> **The task**:
Each line of the entries that contains the word "obtain" adds one. Reply with the resulting number only.

Dataset excerpts:
lemma algA_prod_subset: "algA_prod G u w \<subseteq> (\<Union>d\<in>u. \<Union>e\<in>w. basis_prod G d e)"
proof
  fix x assume "x \<in> algA_prod G u w"
  then have "{(d, e). d \<in> u \<and> e \<in> w \<and> x \<in> basis_prod G d e} \<noteq> {}"
    unfolding algA_prod_def by (auto dest: odd_card_imp_not_empty)
  then show "x \<in> (\<Union>d\<in>u. \<Union>e\<in>w. basis_prod G d e)" by auto
qed

lemma finite_algA_prod: "finite u \<Longrightarrow> finite w \<Longrightarrow> finite (algA_prod G u w)"
  by (rule finite_subset[OF algA_prod_subset]) (auto simp: finite_basis_prod)

lemma sum_of_bool_mem_mult:
  fixes f :: "'a \<Rightarrow> 'b::semiring_1"
  assumes "finite S" "A \<subseteq> S"
  shows "(\<Sum>x\<in>S. of_bool (x \<in> A) * f x) = sum f A"
  using assms by (simp add: Int_absorb1)

lemma sum_algA_prod:
  fixes f :: "'a \<Rightarrow> bit"
  assumes u: "finite u" and w: "finite w"
  shows "(\<Sum>x\<in>algA_prod G u w. f x) = (\<Sum>d\<in>u. \<Sum>e\<in>w. \<Sum>x\<in>basis_prod G d e. f x)"
proof -
  define S where "S = (\<Union>d\<in>u. \<Union>e\<in>w. basis_prod G d e)"
  have S: "finite S" unfolding S_def using u w by (auto simp: finite_basis_prod)
  have "(\<Sum>x\<in>algA_prod G u w. f x) = (\<Sum>x\<in>S. of_bool (x \<in> algA_prod G u w) * f x)"
    using S algA_prod_subset[of G u w] by (simp only: S_def sum_of_bool_mem_mult)
  also have "\<dots> = (\<Sum>x\<in>S. \<Sum>d\<in>u. \<Sum>e\<in>w. of_bool (x \<in> basis_prod G d e) * f x)"
    by (simp only: of_bool_mem_algA_prod[OF u w] sum_distrib_right)
  also have "\<dots> = (\<Sum>d\<in>u. \<Sum>e\<in>w. \<Sum>x\<in>S. of_bool (x \<in> basis_prod G d e) * f x)"
    by (subst sum.swap) (simp only: sum.swap[of _ S])
  also have "\<dots> = (\<Sum>d\<in>u. \<Sum>e\<in>w. \<Sum>x\<in>basis_prod G d e. f x)"
    by (intro sum.cong refl sum_of_bool_mem_mult S) (auto simp: S_def)
  finally show ?thesis .
qed

lemma sum_symdiff_bit:
  fixes f :: "'a \<Rightarrow> bit"
  assumes u: "finite u" and w: "finite w"
  shows "(\<Sum>x\<in>symdiff u w. f x) = (\<Sum>x\<in>u. f x) + (\<Sum>x\<in>w. f x)"
proof -
  have cancel: "(c + a) + (c + b) = a + b" for a b c :: bit
    by (cases a; cases b; cases c) simp_all
  have "sum f (symdiff u w) = sum f (u - w) + sum f (w - u)"
    unfolding symdiff_def by (rule sum.union_disjoint) (use u w in auto)
  also have "\<dots> = (sum f (u \<inter> w) + sum f (u - w)) + (sum f (w \<inter> u) + sum f (w - u))"
    by (simp only: Int_commute[of w u] cancel)
  also have "\<dots> = sum f u + sum f w"
    by (simp only: sum.Int_Diff[OF u, symmetric] sum.Int_Diff[OF w, symmetric])
  finally show ?thesis .
qed

lemma form_symdiff_left:
  assumes "finite u" "finite w" "finite v"
  shows "(of_bool (form G (symdiff u w) v) :: bit) = of_bool (form G u v) + of_bool (form G w v)"
proof -
  have "finite (symdiff u w)" using assms by (simp add: symdiff_def)
  with assms show ?thesis by (simp only: of_bool_form sum_symdiff_bit)
qed

lemma commute_sym: "commute G a b \<longleftrightarrow> commute G b a"
  by (auto simp: commute_def)

context group
begin

lemma inv_involution: "c \<in> carrier G \<Longrightarrow> c \<otimes> c = \<one> \<Longrightarrow> inv c = c"
  using inv_equality by blast

lemma involution_cancel: "c \<in> carrier G \<Longrightarrow> c \<otimes> c = \<one> \<Longrightarrow> x \<in> carrier G \<Longrightarrow> c \<otimes> (c \<otimes> x) = x"
  by (metis l_one m_assoc)

lemma involution_conj_conj:
  "a \<in> carrier G \<Longrightarrow> c \<in> carrier G \<Longrightarrow> c \<otimes> c = \<one> \<Longrightarrow> c \<otimes> (c \<otimes> a \<otimes> c) \<otimes> c = a"
  by (simp add: m_assoc involution_cancel)

lemma commute_involution_conj:
  assumes a: "a \<in> carrier G" and b: "b \<in> carrier G" and c: "c \<in> carrier G" and cc: "c \<otimes> c = \<one>"
    and ab: "commute G a b"
  shows "commute G (c \<otimes> a \<otimes> c) (c \<otimes> b \<otimes> c)"
proof -
  have "(c \<otimes> a \<otimes> c) \<otimes> (c \<otimes> b \<otimes> c) = c \<otimes> (a \<otimes> b) \<otimes> c"
    "(c \<otimes> b \<otimes> c) \<otimes> (c \<otimes> a \<otimes> c) = c \<otimes> (b \<otimes> a) \<otimes> c"
    using a b c cc by (simp_all add: m_assoc involution_cancel)
  with ab show ?thesis unfolding commute_def by simp
qed

lemma commute_involution_conj_iff:
  assumes a: "a \<in> carrier G" and b: "b \<in> carrier G" and c: "c \<in> carrier G" and cc: "c \<otimes> c = \<one>"
  shows "commute G (c \<otimes> a \<otimes> c) b \<longleftrightarrow> commute G a (c \<otimes> b \<otimes> c)"
proof
  assume "commute G (c \<otimes> a \<otimes> c) b"
  from commute_involution_conj[OF _ b c cc this] a c cc show "commute G a (c \<otimes> b \<otimes> c)"
    by (simp add: involution_conj_conj)
next
  assume "commute G a (c \<otimes> b \<otimes> c)"
  from commute_involution_conj[OF a _ c cc this] b c cc show "commute G (c \<otimes> a \<otimes> c) b"
    by (simp add: involution_conj_conj)
qed

lemma involution_conj_eq_if_commute:
  "a \<in> carrier G \<Longrightarrow> b \<in> carrier G \<Longrightarrow> a \<otimes> a = \<one> \<Longrightarrow> commute G a b \<Longrightarrow> a \<otimes> b \<otimes> a = b"
  unfolding commute_def by (metis involution_cancel m_assoc)

lemma involution_conj_ne_if_not_commute:
  assumes d: "d \<in> carrier G" and e: "e \<in> carrier G" and ee: "e \<otimes> e = \<one>"
    and nc: "\<not> commute G d e"
  shows "e \<otimes> d \<otimes> e \<noteq> d" "e \<otimes> d \<otimes> e \<noteq> e"
proof -
  show "e \<otimes> d \<otimes> e \<noteq> d"
  proof
    assume "e \<otimes> d \<otimes> e = d"
    moreover have "e \<otimes> (e \<otimes> d \<otimes> e) = d \<otimes> e" using d e ee by (simp add: m_assoc involution_cancel)
    ultimately show False using nc by (simp add: commute_def)
  qed
  show "e \<otimes> d \<otimes> e \<noteq> e"
  proof
    assume "e \<otimes> d \<otimes> e = e"
    with involution_conj_conj[OF d e ee] e ee have "d = e" by (simp add: involution_cancel)
    then show False using nc by (simp add: commute_def)
  qed
qed

lemma braid_relation:
  assumes d: "d \<in> carrier G" and e: "e \<in> carrier G" and dd: "d \<otimes> d = \<one>" and ee: "e \<otimes> e = \<one>"
    and ord: "ord (d \<otimes> e) \<in> {1, 2, 3}" and nc: "\<not> commute G d e"
  shows "d \<otimes> e \<otimes> d = e \<otimes> d \<otimes> e"
proof -
  have de: "d \<otimes> e \<in> carrier G" using d e by simp
  have pow: "(d \<otimes> e) [^] ord (d \<otimes> e) = \<one>" using de by simp
  have inv_de: "(d \<otimes> e) \<otimes> (e \<otimes> d) = \<one>" using d e dd ee by (simp add: m_assoc involution_cancel)
  have "ord (d \<otimes> e) \<noteq> 1"
  proof
    assume "ord (d \<otimes> e) = 1"
    with pow de dd have "d \<otimes> e = d \<otimes> d" by simp
    with d e nc show False by (simp add: commute_def)
  qed
  moreover have "ord (d \<otimes> e) \<noteq> 2"
  proof
    assume "ord (d \<otimes> e) = 2"
    with pow de inv_de have "(d \<otimes> e) \<otimes> (d \<otimes> e) = (d \<otimes> e) \<otimes> (e \<otimes> d)"
      by (simp add: numeral_2_eq_2)
    with d e nc show False by (simp add: commute_def)
  qed
  ultimately have "ord (d \<otimes> e) = 3" using ord by auto
  with pow de have "(d \<otimes> e \<otimes> d) \<otimes> (e \<otimes> d \<otimes> e) = \<one>"
    using d e by (simp add: numeral_3_eq_3 m_assoc)
  moreover have "(e \<otimes> d \<otimes> e) \<otimes> (e \<otimes> d \<otimes> e) = \<one>"
    using d e dd ee by (simp add: m_assoc involution_cancel)
  ultimately show ?thesis using d e by (metis m_closed r_cancel)
qed

end

locale fischer = group G for G (structure) +
  fixes D
  assumes fischer_class: "fischer_class G D"
begin

lemma D_carrier: "d \<in> D \<Longrightarrow> d \<in> carrier G"
  using fischer_class by (auto simp: fischer_class_def)

lemma D_involution: "d \<in> D \<Longrightarrow> d \<otimes> d = \<one>"
  using fischer_class by (auto simp: fischer_class_def)

lemma conj_D_eq: "d \<in> D \<Longrightarrow> e \<in> D \<Longrightarrow> conj G d e = e \<otimes> d \<otimes> e"
  by (simp add: conj_def inv_involution D_carrier D_involution)

lemma braid_D:
  assumes d: "d \<in> D" and e: "e \<in> D" and nc: "\<not> commute G d e"
  shows "d \<otimes> e \<otimes> d = e \<otimes> d \<otimes> e"
proof (rule braid_relation[OF D_carrier[OF d] D_carrier[OF e] D_involution[OF d] D_involution[OF e] _ nc])
  show "ord (d \<otimes> e) \<in> {1, 2, 3}"
    using fischer_class d e unfolding fischer_class_def by blast
qed

lemma conj_mem_D:
  assumes d: "d \<in> D" and e: "e \<in> D"
  shows "conj G d e \<in> D"
proof -
  obtain x where x: "x \<in> carrier G" and Dx: "D = {g \<otimes> x \<otimes> inv g | g. g \<in> carrier G}"
    using fischer_class by (auto simp: fischer_class_def)
  from d Dx obtain g where g: "g \<in> carrier G" and dg: "d = g \<otimes> x \<otimes> inv g" by auto
  have ec: "e \<in> carrier G" using e D_carrier by simp
  have "conj G d e = (inv e \<otimes> g) \<otimes> x \<otimes> inv (inv e \<otimes> g)"
    using g x ec by (simp add: conj_def dg m_assoc inv_mult_group)
  moreover have "inv e \<otimes> g \<in> carrier G" using g ec by simp
  ultimately show ?thesis using Dx by auto
qed

lemma basis_prod_subset_D: "d \<in> D \<Longrightarrow> e \<in> D \<Longrightarrow> basis_prod G d e \<subseteq> D"
  by (auto simp: basis_prod_def conj_mem_D)

lemma basis_prod_commute: "d \<in> D \<Longrightarrow> e \<in> D \<Longrightarrow> basis_prod G d e = basis_prod G e d"
  using braid_D[of d e] by (auto simp: basis_prod_def conj_D_eq commute_sym)

lemma sum_basis_prod_not_commute:
  fixes h :: "'a \<Rightarrow> 'c::comm_monoid_add"
  assumes d: "d \<in> D" and e: "e \<in> D" and nc: "\<not> commute G d e"
  shows "(\<Sum>x\<in>basis_prod G d e. h x) = h d + h e + h (e \<otimes> d \<otimes> e)"
proof -
  have "e \<otimes> d \<otimes> e \<noteq> d" "e \<otimes> d \<otimes> e \<noteq> e" "d \<noteq> e"
    using involution_conj_ne_if_not_commute[OF _ _ _ nc] nc d e
    by (auto simp: D_carrier D_involution commute_def)
  moreover have "basis_prod G d e = {d, e, e \<otimes> d \<otimes> e}"
    using d e nc by (simp add: basis_prod_def conj_D_eq)
  ultimately show ?thesis by (simp add: add.assoc)
qed

abbreviation noncomm :: "'a \<Rightarrow> 'a \<Rightarrow> bit" where
  "noncomm a b \<equiv> of_bool (\<not> commute G a b)"

lemma basis_form_assoc:
  assumes d: "d \<in> D" and e: "e \<in> D" and y: "y \<in> D"
  shows "(\<Sum>x\<in>basis_prod G d e. noncomm x y) = (\<Sum>z\<in>basis_prod G e y. noncomm d z)"
proof -
  have dc: "d \<in> carrier G" and ec: "e \<in> carrier G" and yc: "y \<in> carrier G"
    using d e y D_carrier by auto
  have ee: "e \<otimes> e = \<one>" using e D_involution by auto
  have conj_e: "commute G (e \<otimes> d \<otimes> e) y \<longleftrightarrow> commute G d (e \<otimes> y \<otimes> e)"
    by (rule commute_involution_conj_iff[OF dc yc ec ee])
  have empty: "commute G a b \<Longrightarrow> basis_prod G a b = {}" for a b
    by (simp add: basis_prod_def)
  show ?thesis
  proof (cases "commute G d e"; cases "commute G e y")
    assume "commute G d e" "commute G e y"
    then show ?thesis by (simp add: empty)
  next
    assume de: "commute G d e" and ey: "\<not> commute G e y"
    then have "e \<otimes> d \<otimes> e = d"
      using involution_conj_eq_if_commute[OF ec dc ee] by (simp add: commute_sym)
    then have "noncomm d y = noncomm d (y \<otimes> e \<otimes> y)"
      using conj_e braid_D[OF e y ey] by simp
    with de show ?thesis by (simp add: empty sum_basis_prod_not_commute[OF e y ey])
  next
    assume de: "\<not> commute G d e" and ey: "commute G e y"
    then have "noncomm (e \<otimes> d \<otimes> e) y = noncomm d y"
      using conj_e involution_conj_eq_if_commute[OF ec yc ee] by simp
    with ey show ?thesis by (simp add: empty sum_basis_prod_not_commute[OF d e de])
  next
    assume de: "\<not> commute G d e" and ey: "\<not> commute G e y"
    have "noncomm (e \<otimes> d \<otimes> e) y = noncomm d (y \<otimes> e \<otimes> y)"
      using conj_e braid_D[OF e y ey] by simp
    with de ey show ?thesis
      by (simp add: sum_basis_prod_not_commute[OF d e de] sum_basis_prod_not_commute[OF e y ey]
          commute_sym[of G e d] commute_sym[of G e y])
  qed
qed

> **Result for this exercise**:
2